Going further and using inferences to show how two populations are different can be even more challenging. Is it possible to prove that on average men are taller than women? Many variables could throw you off from making a valid conclusion. Collecting average female height data solely from the WNBA and male height solely from the Kentucky Derby jockeys would result in a population bias as well as a small sample size. Finally, was data self-reported, or was it professionally measured?
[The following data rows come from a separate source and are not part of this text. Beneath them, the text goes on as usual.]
(* Let $X$ be a complex Banach space with open unit ball $B$, and let $Y$ be a closed subspace of $X$ of finite codimension with open unit ball $B_Y$. Then for every $f\in A_u(B)$, $Cl_B(f,0)=Cl_{B_Y}(f|_{B_Y},0)$.
   Context: $A_u(B)$ is the algebra of bounded holomorphic functions on $B$ that are uniformly continuous on $B$. For a Banach space $Z$ with open unit ball $B_Z$ and a function $g$ on $B_Z$, $Cl_{B_Z}(g,0)$ is the set of all $\lambda\in\mathbb C$ such that $\lambda=\lim_\alpha g(z_\alpha)$ for some net $(z_\alpha)$ in $B_Z$ converging weakly to $0$ (equivalently weak-star to $0$ in $Z^{**}$). *)

theory Defs
  imports "HOL-Analysis.Analysis"
begin

class complex_normed_vector = real_normed_vector +
  fixes scaleC :: "complex \<Rightarrow> 'a \<Rightarrow> 'a"
  assumes scaleC_add_right: "scaleC a (x + y) = scaleC a x + scaleC a y"
    and scaleC_add_left: "scaleC (a + b) x = scaleC a x + scaleC b x"
    and scaleC_scaleC: "scaleC a (scaleC b x) = scaleC (a * b) x"
    and scaleC_one: "scaleC 1 x = x"
    and scaleC_of_real: "scaleC (of_real r) x = scaleR r x"
    and norm_scaleC: "norm (scaleC a x) = cmod a * norm x"

class complex_banach = complex_normed_vector + banach

instantiation complex :: complex_banach
begin
definition scaleC_complex :: "complex \<Rightarrow> complex \<Rightarrow> complex" where
  "scaleC_complex a x = a * x"
instance
  by standard (auto simp: scaleC_complex_def algebra_simps norm_mult scaleR_conv_of_real)
end

definition csubspace :: "'a::complex_normed_vector set \<Rightarrow> bool" where
  "csubspace Y \<longleftrightarrow> 0 \<in> Y \<and> (\<forall>x\<in>Y. \<forall>y\<in>Y. x + y \<in> Y) \<and> (\<forall>c. \<forall>x\<in>Y. scaleC c x \<in> Y)"

definition finite_codim :: "'a::complex_normed_vector set \<Rightarrow> bool" where
  "finite_codim Y \<longleftrightarrow> (\<exists>S. finite S \<and>
      (\<forall>x. \<exists>y\<in>Y. \<exists>c. x = y + (\<Sum>s\<in>S. scaleC (c s) s)))"

definition bounded_clinear_functional_on ::
    "'a::complex_normed_vector set \<Rightarrow> ('a \<Rightarrow> complex) \<Rightarrow> bool" where
  "bounded_clinear_functional_on Y \<phi> \<longleftrightarrow>
     (\<forall>x\<in>Y. \<forall>y\<in>Y. \<phi> (x + y) = \<phi> x + \<phi> y) \<and>
     (\<forall>c. \<forall>x\<in>Y. \<phi> (scaleC c x) = c * \<phi> x) \<and>
     (\<exists>K. \<forall>x\<in>Y. cmod (\<phi> x) \<le> K * norm x)"

definition weakly_to_zero_in :: "'a::complex_normed_vector set \<Rightarrow> 'a filter \<Rightarrow> bool" where
  "weakly_to_zero_in Y F \<longleftrightarrow>
     (\<forall>\<phi>. bounded_clinear_functional_on Y \<phi> \<longrightarrow> (\<phi> \<longlongrightarrow> 0) F)"

text \<open>Cluster set at 0: Cl_{B_Y}(g,0), with B_Y the open unit ball of the subspace Y
  (for Y = UNIV this is Cl_B(g,0)).  Nets are represented by proper filters.\<close>

definition cluster_set_zero ::
    "'a::complex_normed_vector set \<Rightarrow> ('a \<Rightarrow> complex) \<Rightarrow> complex set" where
  "cluster_set_zero Y g = {l. \<exists>F. F \<noteq> bot \<and>
      eventually (\<lambda>z. z \<in> Y \<inter> ball 0 1) F \<and>
      weakly_to_zero_in Y F \<and> (g \<longlongrightarrow> l) F}"

definition holomorphic_on_ban :: "('a::complex_normed_vector \<Rightarrow> complex) \<Rightarrow> 'a set \<Rightarrow> bool" where
  "holomorphic_on_ban f U \<longleftrightarrow> (\<forall>x\<in>U. \<exists>D. (f has_derivative D) (at x) \<and>
      (\<forall>c h. D (scaleC c h) = c * D h))"

definition A_u :: "('a::complex_normed_vector \<Rightarrow> complex) set" where
  "A_u = {f. holomorphic_on_ban f (ball 0 1) \<and> bounded (f ` ball 0 1) \<and>
             uniformly_continuous_on (ball 0 1) f}"

end

theory Submission
  imports Defs
begin

(* The inclusion Cl_{B_Y}(f,0) \<subseteq> Cl_B(f,0) is formal: a net in B_Y that is
   weakly null in Y is weakly null in X, since functionals on X restrict to Y.
   For the converse we show that a closed subspace Y of finite codimension contains the range
   of id - P for a finite-rank operator P z = \<Sum>i. psi_i(z) s_i with continuous functionals
   psi_i.  P is built by adjoining the vectors s spanning a complement one at a time: Y + C s
   is again closed, and the coefficient of s is a continuous functional on it.
   Now let z be a net in B, weakly null in X, with f(z) -> l.  Then P z -> 0 in norm, and
   y(z) = (z - P z) / (1 + norm (P z)) is a net in B_Y, weakly null in Y, with
   dist (y(z)) z <= 2 norm (P z) -> 0; uniform continuity of f gives f(y(z)) -> l. *)

lemma scaleC_zero_right [simp]: "scaleC a (0::'a::complex_normed_vector) = 0"
proof -
  have "scaleC a (0::'a) = scaleC a 0 + scaleC a 0" using scaleC_add_right[of a "0::'a" 0] by simp
  thus ?thesis by simp
qed

lemma scaleC_zero_left [simp]: "scaleC 0 (x::'a::complex_normed_vector) = 0"
  using scaleC_of_real[of 0 x] by simp

lemma scaleC_minus_left: "scaleC (- a) x = - scaleC a (x::'a::complex_normed_vector)"
  using scaleC_add_left[of a "-a" x] by (simp add: eq_neg_iff_add_eq_0 add.commute)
As you can imagine, collecting good data and analyzing it is hard work. The good news is that becoming a statistician is a lucrative profession. Governments, Wall Street, corporations, labs, and even some individuals all need good statisticians, and they are usually willing to pay good wages.
In this lesson we will do some basic statistical analysis. Before we do this though, you must go out and collect data. Luckily, if you have already completed one or all of the last three cognitive experiments, you will have some data to work with. We hope you did best to control your methods and be consistent! You are welcome to follow along with your own data sets, or collect new ones. If you have a small sample size though (less than 7 subjects for any of the past 3 experiments), you should collect more data.
Before we begin to collect data, we are going to form some hypotheses.
The Raw Data, Graphs & Distributions
Below is a data set we collected from performing Cognitive Experiment #3 Reaction Time. Here we show the reaction times for both left and right hands for the visual cue. We gathered 20 college age volunteers, 10 left-handed and 10 right-handed. Reaction time is displayed in seconds.
Now that we have the raw data written down, we can begin to look over the results. There appear to be no "strange" values, so our data set is probably good. For example, if one of our values were a .78, we would probably throw this value out and not use it. Sound fishy? Sure does, but there is math to it, which can read more about outliers here.
Next, we want to organize the data specifically for both our hypothesis:
Hypothesis 1: Right handed people are faster with their right, dominant, hand.
Hypothesis 2: Left-handed people are faster than right-handed people are.
We formatted the values in ascending order as well, because it makes the data easier to work with and look at. Before we go into statistical tests, we should calculate some basic values.
First we want to find these values for the data in our first hypothesis.
These are interesting results.
We solved these values for the first hypothesis data set, and you can calculate for the second data set.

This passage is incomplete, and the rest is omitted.